**Task item:** Lines below that include "shows" are the answer; copy each one.
□ □ □
lemma nonneg_decomp1_entry:
  "nonneg_decomp1 \<sigma> w \<Longrightarrow>
     \<sigma> x y = (\<Sum>c\<in>UNIV. \<Sum>p\<in>UNIV. \<Sum>q\<in>UNIV.
                complex_of_real (w c (p, q)) * phase_point1 (frame1 c) (p, q) x y)"
  unfolding nonneg_decomp1_def by (simp add: sum_UNIV_prod UNIV_bool frame1_simps algebra_simps)

lemma prod_weight_sum_eq_1:
  assumes "\<forall>i<n. nonneg_decomp1 (\<rho> i) (w i)"
  shows "(\<Sum>b\<in>Zn n. \<Sum>u\<in>Zn n \<times> Zn n. prod_weight n w b u) = 1"
proof -
  have "(\<Sum>b\<in>Zn n. \<Sum>u\<in>Zn n \<times> Zn n. prod_weight n w b u) = (\<Prod>i<n. \<Sum>c\<in>UNIV. \<Sum>p\<in>UNIV. \<Sum>q\<in>UNIV. w i c (p, q))"
    unfolding prod_weight_def by (rule sum_Zn_Zn_Times_prod)
  also have "\<dots> = 1"
    using assms by (auto intro!: prod.neutral nonneg_decomp1_sum_eq_1)
  finally show ?thesis .
qed

lemma product_state_decomposition:
  assumes "\<forall>i<n. nonneg_decomp1 (\<rho> i) (w i)"
  shows "product_state n \<rho> x y =
           (\<Sum>b\<in>Zn n. \<Sum>u\<in>Zn n \<times> Zn n. complex_of_real (prod_weight n w b u) * phase_point n (Fb n b) u x y)"
proof -
  have "product_state n \<rho> x y = (\<Prod>i<n. \<Sum>c\<in>UNIV. \<Sum>p\<in>UNIV. \<Sum>q\<in>UNIV.
      complex_of_real (w i c (p, q)) * phase_point1 (frame1 c) (p, q) (x i) (y i))"
    unfolding product_state_def using assms by (auto intro!: prod.cong nonneg_decomp1_entry)
  also have "\<dots> = (\<Sum>b\<in>Zn n. \<Sum>u\<in>Zn n \<times> Zn n. \<Prod>i<n. complex_of_real (w i (b i) (fst u i, snd u i))
      * phase_point1 (frame1 (b i)) (fst u i, snd u i) (x i) (y i))"
    by (rule sum_Zn_Zn_Times_prod[symmetric])
  also have "\<dots> = (\<Sum>b\<in>Zn n. \<Sum>u\<in>Zn n \<times> Zn n.
      complex_of_real (prod_weight n w b u) * phase_point n (Fb n b) u x y)"
    by (simp add: prod.distrib phase_point_Fb_tensor prod_weight_def)
  finally show ?thesis .
qed

theorem mainTheorem8:
  shows "(\<forall>\<sigma>. density1 \<sigma> \<longrightarrow> (\<exists>w. nonneg_decomp1 \<sigma> w)) \<and>
         (\<forall>n \<rho> w. n \<ge> 1 \<longrightarrow> (\<forall>i<n. density1 (\<rho> i)) \<longrightarrow> (\<forall>i<n. nonneg_decomp1 (\<rho> i) (w i)) \<longrightarrow>
           (\<forall>b\<in>Zn n. frame_function (Fb n b)) \<and>
           (\<forall>b\<in>Zn n. \<forall>u\<in>Zn n \<times> Zn n. 0 \<le> prod_weight n w b u) \<and>
           (\<Sum>b\<in>Zn n. \<Sum>u\<in>Zn n \<times> Zn n. prod_weight n w b u) = 1 \<and>
           (\<forall>x\<in>Zn n. \<forall>y\<in>Zn n. product_state n \<rho> x y =
              (\<Sum>b\<in>Zn n. \<Sum>u\<in>Zn n \<times> Zn n.
                 complex_of_real (prod_weight n w b u) * phase_point n (Fb n b) u x y)))"
proof (intro conjI allI impI ballI)
  fix \<sigma> :: "bool \<Rightarrow> bool \<Rightarrow> complex"
  assume "density1 \<sigma>"
  then show "\<exists>w. nonneg_decomp1 \<sigma> w"
    using density1_nonneg_decomp1 by blast
next
  fix n b
  show "frame_function (Fb n b)"
    by (simp add: frame_function_def Fb_def)
next
  fix n \<rho> b u and w :: "nat \<Rightarrow> bool \<Rightarrow> bool \<times> bool \<Rightarrow> real"
  assume "\<forall>i<n. nonneg_decomp1 (\<rho> i) (w i)"
  then show "0 \<le> prod_weight n w b u"
    unfolding prod_weight_def nonneg_decomp1_def by (intro prod_nonneg) auto
next
  fix n \<rho> and w :: "nat \<Rightarrow> bool \<Rightarrow> bool \<times> bool \<Rightarrow> real"
  assume "\<forall>i<n. nonneg_decomp1 (\<rho> i) (w i)"
  then show "(\<Sum>b\<in>Zn n. \<Sum>u\<in>Zn n \<times> Zn n. prod_weight n w b u) = 1"
    and "product_state n \<rho> x y = (\<Sum>b\<in>Zn n. \<Sum>u\<in>Zn n \<times> Zn n.
           complex_of_real (prod_weight n w b u) * phase_point n (Fb n b) u x y)" for x y
    by (fact prod_weight_sum_eq_1, fact product_state_decomposition)
qed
□ □ □
**Response area:**
  shows "(\<Sum>b\<in>Zn n. \<Sum>u\<in>Zn n \<times> Zn n. prod_weight n w b u) = 1"
  shows "product_state n \<rho> x y =
  shows "(\<forall>\<sigma>. density1 \<sigma> \<longrightarrow> (\<exists>w. nonneg_decomp1 \<sigma> w)) \<and>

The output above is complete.